Example: the [`classifier_full_suite`](https://docs.validmind.ai/validmind/validmind/test_suites/classifier.html#ClassifierFullSuite) test suite runs tests from the [`tabular_dataset`](https://docs.validmind.ai/validmind/validmind/test_suites/tabular_datasets.html) and [`classifier`](https://docs.validmind.ai/validmind/validmind/test_suites/classifier.html) test suites to fully document the data and model sections for binary classification model use-cases.


# Pre-requisites

Let's go ahead and install the `validmind` library if its not already installed... Then we can install the `qdrant-client` library for our vector store and `langchain` for everything else:

In [1]:
%pip install -q validmind

Note: you may need to restart the kernel to use updated packages.


In [2]:
%pip install -q qdrant-client langchain

Note: you may need to restart the kernel to use updated packages.


### ValidMind Initialization

Now we will import and initialize the ValidMind framework so we can connect to our project in the ValidMind platform. This will let us log inputs, plots, and test results to our model documentation.

In [3]:
import validmind as vm

vm.init(
  api_host = "...",
  api_key = "...",
  api_secret = "...",
  project = "..."
)

2024-05-10 11:25:34,994 - INFO(validmind.api_client): Connected to ValidMind. Project: [Demo] Customer Churn Model - Initial Validation (clnt1f4qc00ap15lfts8ur7lw)


### Read openai key

We will need to have an OpenAI API key to be able to use their `text-embedding-3-small` model for our embeddings, `gpt-3.5-turbo` model for our generator and `gpt-4-turbo` model for our LLM-as-Judge tests. If you don't have an OpenAI API key, you can get one by signing up at [OpenAI](https://platform.openai.com/signup). Then you can create a `.env` file in the root of your project and the following cell will load it from there.
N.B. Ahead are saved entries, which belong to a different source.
(* Let $\mathbb{k}$ be a field, and let $\mathbb{k}^{2n} = \mathbb{k}^n_x \times \mathbb{k}^n_\xi$ have coordinates $(x,\xi) = (x_1,\dots,x_n,\xi_1,\dots,\xi_n)$. Let $X \subseteq \mathbb{k}^n_\xi$ be a subvariety. If $L$ is an $\ell \times n$ matrix with entries in $\mathbb{k}$, then the variety $\mathcal{V}(Lx\xi)$ of the bilinear forms $Lx\xi$ in $\mathbb{k}^{2n}$ is transverse to $\mathbb{k}^n \times X$ at any smooth point of $\mathbb{k}^n \times X$ whose $\xi$-coordinates are all nonzero.
   Context: Here $x\xi$ denotes the column vector $(x_1\xi_1,\dots,x_n\xi_n)^T$, and $Lx\xi$ is the vector of $\ell$ bilinear forms obtained by multiplying $L$ times $x\xi$; $\mathcal{V}(Lx\xi)\subseteq \mathbb{k}^{2n}$ is their common zero locus. Varieties are considered over the algebraic closure of $\mathbb{k}$ when needed. Two subvarieties $V,W$ of an ambient affine space are transverse at a point $p \in V\cap W$ if the (Zariski) tangent spaces $T_pV$ and $T_pW$ sum to the whole tangent space of the ambient space; the claim concerns points $p$ of $\mathbb{k}^n\times X$ (with all $\xi$-coordinates nonzero, smooth on $\mathbb{k}^n\times X$) lying in $\mathcal{V}(Lx\xi)$. *)

theory Defs
  imports "HOL-Library.Poly_Mapping" "HOL-Computational_Algebra.Polynomial"
begin

text \<open>Multivariate polynomials over a field 'a in variables indexed by 'v:
  finitely supported maps from exponent vectors (monomials) to coefficients.\<close>

type_synonym ('v, 'a) mpoly = "('v \<Rightarrow>\<^sub>0 nat) \<Rightarrow>\<^sub>0 'a"
lemma prob_mix_pmf_eq_weight_iff:
  assumes "0 \<le> \<beta>" "\<beta> \<le> 1" "finite E" "0 < measure_pmf.prob q E"
  shows "measure_pmf.prob (mix_pmf \<beta> p q) E = \<beta>
           \<longleftrightarrow> \<beta> = measure_pmf.prob q E / ((1 - measure_pmf.prob p E) + measure_pmf.prob q E)"
proof -
  have "measure_pmf.prob (mix_pmf \<beta> p q) E - \<beta>
      = measure_pmf.prob q E - \<beta> * ((1 - measure_pmf.prob p E) + measure_pmf.prob q E)"
    unfolding prob_mix_pmf[OF assms(1-3)] by (simp add: algebra_simps)
  moreover have "(1 - measure_pmf.prob p E) + measure_pmf.prob q E \<noteq> 0"
    using assms(4) measure_pmf.prob_le_1[of p E] by linarith
  ultimately show ?thesis
    by (simp add: eq_divide_eq) argo
qed

lemma mix_pmf_triangle_eq:
  assumes "0 < a" "a < 1" "0 < b" "b < 1" "0 < c" "c < 1"
    and "mix_pmf b p s = mix_pmf a p q" "mix_pmf c q s = mix_pmf a p q"
  shows "p = q"
proof (rule pmf_eqI)
  fix x
  let ?n = "pmf (mix_pmf a p q) x"
  have "?n = a * pmf p x + (1 - a) * pmf q x"
    using assms(1,2) by (simp add: pmf_mix_pmf)
  moreover have "?n = b * pmf p x + (1 - b) * pmf s x"
    using assms(3,4) by (simp flip: assms(7) add: pmf_mix_pmf)
  moreover have "?n = c * pmf q x + (1 - c) * pmf s x"
    using assms(5,6) by (simp flip: assms(8) add: pmf_mix_pmf)
  ultimately show "pmf p x = pmf q x"
    using assms(1-6) by (rule convex_comb_triangle_eq[rotated 6])
qed
(* Let $\mathbf{M}$ be a nonsingular $D\times D$ integer matrix and $\bm{\Gamma}_1,\dots,\bm{\Gamma}_L$ ($L\ge2$) nonsingular $D\times D$ integer matrices that are pairwise commutative and coprime; set $\mathbf{M}_i=\mathbf{M}\bm{\Gamma}_i$. Let $\mathbf{U}\mathbf{M}\mathbf{V}=\bm{\Lambda}$ be a Smith normal form decomposition ($\mathbf{U},\mathbf{V}$ unimodular, $\bm{\Lambda}$ diagonal). Fix unimodular $\mathbf{U}_1$ and let $\mathbf{m}\in\mathcal{A}_1$ with remainders $\mathbf{r}_i=\langle\mathbf{m}\rangle_{\mathbf{M}_i}$ and folding vectors $\mathbf{n}_i$ ($\mathbf{m}=\mathbf{M}_i\mathbf{n}_i+\mathbf{r}_i$). Let $\widetilde{\mathbf{r}}_i=\mathbf{r}_i+\triangle\mathbf{r}_i\in\mathbb{Z}^D$ be erroneous remainders and let $\widetilde{\mathbf{n}}_1,\dots,\widetilde{\mathbf{n}}_L$ be the output of Algorithm 2. Define $\bm{\vartheta}_i=Q_{\bm{\Lambda}}(\mathbf{U}(\triangle\mathbf{r}_i-\triangle\mathbf{r}_1))$, $2\le i\le L$. Then $\widetilde{\mathbf{n}}_i=\mathbf{n}_i$ for all $i$ if and only if $\bm{\vartheta}_i=\mathbf{0}$ for all $2\le i\le L$. Moreover: (1) if $\lVert\mathbf{U}(\triangle\mathbf{r}_i-\triangle\mathbf{r}_1)\rVert<\lambda_{\mathrm{LAT}(\bm{\Lambda})}/2$ for all $2\le i\le L$, then all $\bm{\vartheta}_i=\mathbf{0}$; (2) if $\lVert\triangle\mathbf{r}_i\rVert\le\tau$ for all $i$ and $\tau<\lambda_{\mathrm{LAT}(\bm{\Lambda})}/(4\lVert\mathbf{U}\rVert_* )$, then all $\bm{\vartheta}_i=\mathbf{0}$. When the folding vectors are correctly determined, $\widetilde{\mathbf{m}}=\frac1L\sum_{i=1}^L(\mathbf{M}_i\mathbf{n}_i+\widetilde{\mathbf{r}}_i)$ satisfies $\lVert\widetilde{\mathbf{m}}-\mathbf{m}\rVert\le\tau$ whenever $\lVert\triangle\mathbf{r}_i\rVert\le\tau$ for all $i$.
   Context: All matrices are $D\times D$; unimodular means integer with determinant $\pm1$; commuting nonsingular integer matrices are coprime if all their common left (equivalently right) divisors are unimodular. $\mathrm{LAT}(\mathbf{A})=\{\mathbf{A}\mathbf{n}:\mathbf{n}\in\mathbb{Z}^D\}$. $\mathcal{N}(\mathbf{A})=\{\mathbf{k}\in\mathbb{Z}^D:\mathbf{k}=\mathbf{A}\mathbf{x},\ \mathbf{x}\in[0,1)^D\}$; $\langle\mathbf{m}\rangle_{\mathbf{A}}$ is the unique $\mathbf{r}\in\mathcal{N}(\mathbf{A})$ with $\mathbf{m}-\mathbf{r}\in\mathrm{LAT}(\mathbf{A})$; $\mathbf{x}\equiv\mathbf{y}\bmod\mathbf{A}$ means $\mathbf{x}-\mathbf{y}\in\mathrm{LAT}(\mathbf{A})$. $\mathcal{A}_1=\{\mathbf{m}\in\mathbb{Z}^D:\lfloor\mathbf{M}_1^{-1}\mathbf{m}\rfloor\in\mathcal{N}(\bm{\Gamma}_2\cdots\bm{\Gamma}_L\mathbf{U}_1)\}$. $\lVert\cdot\rVert$ is a fixed norm on $\mathbb{R}^D$, $\lVert\mathbf{U}\rVert_*=\sup_{\lVert\mathbf{x}\rVert=1}\lVert\mathbf{U}\mathbf{x}\rVert$, and $\lambda_{\mathrm{LAT}(\bm{\Lambda})}=\min\{\lVert\mathbf{v}\rVert:\mathbf{v}\in\mathrm{LAT}(\bm{\Lambda})\setminus\{\mathbf{0}\}\}$. $Q_{\bm{\Lambda}}:\mathbb{R}^D\to\mathrm{LAT}(\bm{\Lambda})$ is a fixed closest-lattice-point map ($Q_{\bm{\Lambda}}(\mathbf{w})\in\arg\min_{\mathbf{p}\in\mathrm{LAT}(\bm{\Lambda})}\lVert\mathbf{p}-\mathbf{w}\rVert$) with $Q_{\bm{\Lambda}}(\mathbf{w}+\mathbf{l})=Q_{\bm{\Lambda}}(\mathbf{w})+\mathbf{l}$ for $\mathbf{l}\in\mathrm{LAT}(\bm{\Lambda})$. Algorithm 2: (i) $\mathbf{p}_i=Q_{\bm{\Lambda}}(\mathbf{U}(\widetilde{\mathbf{r}}_i-\widetilde{\mathbf{r}}_1))$, $2\le i\le L$; (ii) $\bm{\varpi}_i=\langle\bm{\Lambda}^{-1}\mathbf{p}_i\rangle_{\mathbf{V}^{-1}\bm{\Gamma}_i}$; (iii) $\bm{\psi}_1$ is the unique element of $\mathcal{N}(\mathbf{V}^{-1}\bm{\Gamma}_1\bm{\Gamma}_2\cdots\bm{\Gamma}_L\mathbf{U}_1)$ with $\bm{\psi}_1\equiv\mathbf{0}\bmod\mathbf{V}^{-1}\bm{\Gamma}_1$ and $\bm{\psi}_1\equiv\bm{\varpi}_i\bmod\mathbf{V}^{-1}\bm{\Gamma}_i$ for $2\le i\le L$; (iv) $\widetilde{\mathbf{n}}_1=\bm{\Gamma}_1^{-1}\mathbf{V}\bm{\psi}_1$ and $\widetilde{\mathbf{n}}_i=\bm{\Gamma}_i^{-1}\mathbf{V}(\bm{\psi}_1-\bm{\Lambda}^{-1}\mathbf{p}_i)$ for $2\le i\le L$. *)

theory Defs
  imports "HOL-Analysis.Analysis"
begin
Alternatively, you can just uncomment the line below to directly set the key (not recommended for security reasons).

In [4]:
# load openai api key
import os

from dotenv import load_dotenv
load_dotenv()

# os.environ["OPENAI_API_KEY"] = "sk-..."
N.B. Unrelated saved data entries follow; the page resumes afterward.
(* Let $(f_0,\dots,f_4)$ be a rational solution of $A_4(\alpha_0,\dots,\alpha_4)$ some of whose components have a pole at $t=\infty$ (indices modulo 5). (1) If for some $i$, $f_i$ has a pole at $t=\infty$ and $f_{i+1},f_{i+2},f_{i+3},f_{i+4}$ are regular there; or (2) if for some $i$, $f_i,f_{i+1},f_{i+3}$ have a pole at $t=\infty$ and $f_{i+2},f_{i+4}$ are regular there; or (3) if for some $i$, $f_i,f_{i+1},f_{i+2}$ have a pole at $t=\infty$ and $f_{i+3},f_{i+4}$ are regular there; or (4) if all of $f_0,\dots,f_4$ have a pole at $t=\infty$, then the Laurent series of $f_0,\dots,f_4$ at $t=\infty$ are uniquely determined (by the parameters and the case, with its index $i$). Moreover: in case (1), for each $k\in\{1,2,3,4\}$, $f_{i+k}\equiv0$ if $\alpha_{i+k}=0$; in case (2), $f_{i+2}\equiv0$ if $\alpha_{i+2}=0$ and $f_{i+4}\equiv0$ if $\alpha_{i+4}=0$; in case (3), $f_{i+3}\equiv0$ if $\alpha_{i+3}=0$ and $f_{i+4}\equiv0$ if $\alpha_{i+4}=0$.
   Context: The $A_4^{(1)}$ Painlevé equation $A_4(\alpha_0,\dots,\alpha_4)$ with complex parameters $\alpha_j$ is the system for five functions $f_0,\dots,f_4$ of $t$ (indices in $\mathbb{Z}/5\mathbb{Z}$, ${}'=d/dt$): $f_j'=f_j(f_{j+1}-f_{j+2}+f_{j+3}-f_{j+4})+\alpha_j$ ($j=0,\dots,4$), $f_0+\dots+f_4=t$; hence $\sum_j\alpha_j=1$. A rational solution is a tuple of rational functions of $t$ satisfying it. *)

theory Defs
  imports "HOL-Analysis.Analysis" "HOL-Computational_Algebra.Polynomial"
begin

text \<open>Rational functions of t, represented as complex functions that agree with
  p/q wherever the denominator q does not vanish (values at poles are irrelevant).\<close>
definition is_rat_fun :: "(complex \<Rightarrow> complex) \<Rightarrow> bool" where
  "is_rat_fun f \<longleftrightarrow> (\<exists>p q. q \<noteq> 0 \<and> (\<forall>t. poly q t \<noteq> 0 \<longrightarrow> f t = poly p t / poly q t))"

abbreviation comp :: "(nat \<Rightarrow> complex \<Rightarrow> complex) \<Rightarrow> nat \<Rightarrow> complex \<Rightarrow> complex" where
  "comp f j \<equiv> f (j mod 5)"

text \<open>Rational solution of A_4(alpha_0..alpha_4): the differential equations and the
  normalisation hold as identities of rational functions, i.e. for all but finitely many t.\<close>
definition A4_rational_solution ::
  "(nat \<Rightarrow> complex) \<Rightarrow> (nat \<Rightarrow> complex \<Rightarrow> complex) \<Rightarrow> bool" where
  "A4_rational_solution \<alpha> f \<longleftrightarrow>
     (\<forall>j<5. is_rat_fun (f j)) \<and>
     (\<forall>\<^sub>F t in cofinite.
        (\<forall>j<5. (f j has_field_derivative
            (f j t * (comp f (j+1) t - comp f (j+2) t + comp f (j+3) t - comp f (j+4) t) + \<alpha> j))
            (at t)) \<and>
        f 0 t + f 1 t + f 2 t + f 3 t + f 4 t = t)"

definition pole_at_inf :: "(complex \<Rightarrow> complex) \<Rightarrow> bool" where
  "pole_at_inf g \<longleftrightarrow> filterlim g at_infinity at_infinity"

definition regular_at_inf :: "(complex \<Rightarrow> complex) \<Rightarrow> bool" where
  "regular_at_inf g \<longleftrightarrow> (\<exists>c. (g \<longlongrightarrow> c) at_infinity)"

definition in_case :: "(nat \<Rightarrow> complex \<Rightarrow> complex) \<Rightarrow> nat \<Rightarrow> nat \<Rightarrow> bool" where
  "in_case f c i \<longleftrightarrow>
    (c = 1 \<and> pole_at_inf (comp f i) \<and> regular_at_inf (comp f (i+1)) \<and>
       regular_at_inf (comp f (i+2)) \<and> regular_at_inf (comp f (i+3)) \<and> regular_at_inf (comp f (i+4)))
  \<or> (c = 2 \<and> pole_at_inf (comp f i) \<and> pole_at_inf (comp f (i+1)) \<and> pole_at_inf (comp f (i+3)) \<and>
       regular_at_inf (comp f (i+2)) \<and> regular_at_inf (comp f (i+4)))
  \<or> (c = 3 \<and> pole_at_inf (comp f i) \<and> pole_at_inf (comp f (i+1)) \<and> pole_at_inf (comp f (i+2)) \<and>
       regular_at_inf (comp f (i+3)) \<and> regular_at_inf (comp f (i+4)))
  \<or> (c = 4 \<and> (\<forall>j<5. pole_at_inf (f j)))"

definition rat_zero :: "(complex \<Rightarrow> complex) \<Rightarrow> bool" where
  "rat_zero g \<longleftrightarrow> (\<forall>\<^sub>F t in cofinite. g t = 0)"

end

theory Submission
  imports Defs "HOL-Computational_Algebra.Formal_Laurent_Series"
begin

text \<open>Expanding at \<open>t = \<infinity>\<close> turns a rational solution into a solution of the same system in
  Laurent series in \<open>X = 1/t\<close>. Write \<open>B j = f (j+1) - f (j+2) + f (j+3) - f (j+4)\<close>, so that
  \<open>f j' = f j * B j + \<alpha> j\<close>. Comparing orders, a pole of \<open>f j\<close> forces \<open>B j = O(1/t)\<close>; the
  normalisation \<open>f 0 + \<dots> + f 4 = t\<close> then shows, case by case, that \<open>B j\<close> has a simple pole
  whenever \<open>f j\<close> is regular, which makes \<open>f j = O(1/t)\<close>, and \<open>f j = 0\<close> if \<open>\<alpha> j = 0\<close>.
  For two solutions in the same case, the same comparison of orders in the equations for their
  differences improves their agreement by one order at a time: directly for the regular
  components, and through the couplings \<open>B j\<close> and the normalisation for the others. Hence
  the differences vanish.\<close>

section \<open>Orders of Laurent series\<close>

definition vanishes_below :: "int \<Rightarrow> 'a::zero fls \<Rightarrow> bool" where
  "vanishes_below n x \<longleftrightarrow> (\<forall>k<n. fls_nth x k = 0)"

lemma vanishes_below_iff: "vanishes_below n x \<longleftrightarrow> x = 0 \<or> n \<le> fls_subdegree x"
proof
  assume "vanishes_below n x"
  then have "x \<noteq> 0 \<Longrightarrow> \<not> fls_subdegree x < n"
    using nth_fls_subdegree_nonzero unfolding vanishes_below_def by blast
  then show "x = 0 \<or> n \<le> fls_subdegree x" by linarith
qed (auto simp: vanishes_below_def)

lemma vanishes_below_0 [simp]: "vanishes_below n 0"
  by (simp add: vanishes_below_def)

lemma vanishes_below_subdegree: "vanishes_below (fls_subdegree x) x"
  by (simp add: vanishes_below_iff)

lemma vanishes_below_mono: "m \<le> n \<Longrightarrow> vanishes_below n x \<Longrightarrow> vanishes_below m x"
  by (simp add: vanishes_below_def)

lemma vanishes_below_add:
  "vanishes_below n x \<Longrightarrow> vanishes_below n y \<Longrightarrow> vanishes_below n (x + y)"
  by (simp add: vanishes_below_def)

lemma vanishes_below_diff:
  fixes x y :: "'a::ab_group_add fls"
  shows "vanishes_below n x \<Longrightarrow> vanishes_below n y \<Longrightarrow> vanishes_below n (x - y)"
  by (simp add: vanishes_below_def)

lemma vanishes_below_uminus:
  fixes x :: "'a::ab_group_add fls"
  shows "vanishes_below n x \<Longrightarrow> vanishes_below n (- x)"
  by (simp add: vanishes_below_def)

lemma vanishes_below_const: "vanishes_below 0 (fls_const c)"
  by (simp add: vanishes_below_def)

lemma vanishes_below_mult:
  fixes x y :: "'a::idom fls"
  assumes "vanishes_below n x" "vanishes_below m y"
  shows "vanishes_below (n + m) (x * y)"
  using assms by (cases "x = 0 \<or> y = 0") (auto simp: vanishes_below_iff)

lemma vanishes_below_numeral_mult_iff:
  "vanishes_below n (numeral k * x) \<longleftrightarrow> vanishes_below n (x :: 'a::field_char_0 fls)"
proof -
  have "numeral k * x = fls_const (numeral k) * x" by simp
  then show ?thesis by (simp only: vanishes_below_def) simp
qed

lemmas vanishes_below_linear_intros =
  vanishes_below_add vanishes_below_diff vanishes_below_uminus
  vanishes_below_numeral_mult_iff[THEN iffD2]

lemma vanishes_below_cancel:
  fixes x b :: "'a::idom fls"
  assumes "b \<noteq> 0" "vanishes_below n (x * b)"
  shows "vanishes_below (n - fls_subdegree b) x"
  using assms by (cases "x = 0") (auto simp: vanishes_below_iff)

lemma eq_0_if_vanishes_below_all:
  assumes "\<And>n. n \<ge> n0 \<Longrightarrow> vanishes_below n x"
  shows "x = 0"
  using assms[of "max n0 (fls_subdegree x + 1)"] by (auto simp: vanishes_below_iff)

text \<open>With \<open>fls_X\<close> read as \<open>1/t\<close>, the derivative in \<open>t\<close> is \<open>-X\<^sup>2 d/dX\<close>.\<close>
definition t_deriv :: "'a::comm_ring_1 fls \<Rightarrow> 'a fls" where
  "t_deriv x = - (fls_X * fls_X * fls_deriv x)"

lemma t_deriv_nth: "fls_nth (t_deriv x) k = - (of_int (k - 1) * fls_nth x (k - 1))"
proof -
  have "t_deriv x = - fls_shift (-1) (fls_shift (-1) (fls_deriv x))"
    unfolding t_deriv_def mult.assoc by (simp only: fls_X_times_conv_shift(1))
  then show ?thesis by (simp add: algebra_simps)
qed

lemma vanishes_below_t_deriv: "vanishes_below n x \<Longrightarrow> vanishes_below (n + 1) (t_deriv x)"
  by (simp add: vanishes_below_def t_deriv_nth)

lemma t_deriv_add: "t_deriv (x + y) = t_deriv x + t_deriv y"
  by (simp add: t_deriv_def algebra_simps)

lemma t_deriv_diff: "t_deriv (x - y) = t_deriv x - t_deriv y"
  by (simp add: t_deriv_def algebra_simps)

lemma t_deriv_mult: "t_deriv (x * y) = t_deriv x * y + x * t_deriv y"
  by (simp add: t_deriv_def algebra_simps)

lemma t_deriv_const: "t_deriv (fls_const c) = 0"
  by (simp add: t_deriv_def)

lemma t_deriv_X_inv: "t_deriv fls_X_inv = 1"
proof -
  have "fls_X * fls_X_inv = (1 :: 'a fls)"
    by (simp add: fls_X_times_conv_shift(1))
  then show ?thesis
    by (simp add: t_deriv_def power2_eq_square algebra_simps)
qed

lemma t_deriv_divide:
  fixes u v :: "'a::field fls"
  assumes "v \<noteq> 0"
  shows "t_deriv (u / v) = (t_deriv u * v - u * t_deriv v) / (v * v)"
proof -
  have "t_deriv u = t_deriv (u / v) * v + (u / v) * t_deriv v"
    using t_deriv_mult[of "u / v" v] assms by simp
  then show ?thesis
    using assms by (simp add: field_simps)
qed

section \<open>Laurent expansions at infinity\<close>

definition laurent_of_poly :: "'a::comm_ring_1 poly \<Rightarrow> 'a fls" where
  "laurent_of_poly p = poly (map_poly fls_const p) fls_X_inv"

lemma laurent_of_poly_0 [simp]: "laurent_of_poly 0 = 0"
  by (simp add: laurent_of_poly_def)

lemma laurent_of_poly_pCons:
  "laurent_of_poly (pCons a p) = fls_const a + fls_X_inv * laurent_of_poly p"
  by (simp add: laurent_of_poly_def map_poly_pCons)

lemma laurent_of_poly_const: "laurent_of_poly [:c:] = fls_const c"
  by (simp add: laurent_of_poly_pCons)

lemma laurent_of_poly_1: "laurent_of_poly 1 = 1"
  using laurent_of_poly_const[of 1] by (simp add: one_pCons)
if not 'OPENAI_API_KEY' in os.environ:
    raise ValueError('OPENAI_API_KEY is not set')

# Dataset Loader

Great, now that we have all of our dependencies installed, the developer framework initialized and connected to our model documentation project and our OpenAI API key setup, we can go ahead and load our datasets. We will use the synthetic `RFP` dataset included with ValidMind for this notebook. This dataset contains a variety of RFP questions and ground truth answers that we can use both as the source where our Retriever will search for similar question-answer pairs as well as our test set for evaluating the performance of our RAG model. To do this, we just have to load it and call the preprocess function to get a split of the data into train and test sets.

In [5]:
# Import the sample dataset from the library
from validmind.datasets.llm.rag import rfp

raw_df = rfp.load_data()
train_df, test_df = rfp.preprocess(raw_df)

In [6]:
vm_train_ds = vm.init_dataset(
    train_df,
    text_column="question",
    target_column="ground_truth",
)

vm_test_ds = vm.init_dataset(
    test_df,
    text_column="question",
    target_column="ground_truth",
)

vm_test_ds.df.head()

2024-05-10 11:25:35,087 - INFO(validmind.client): Pandas dataset detected. Initializing VM Dataset instance...
2024-05-10 11:25:35,979 - INFO(validmind.client): Pandas dataset detected. Initializing VM Dataset instance...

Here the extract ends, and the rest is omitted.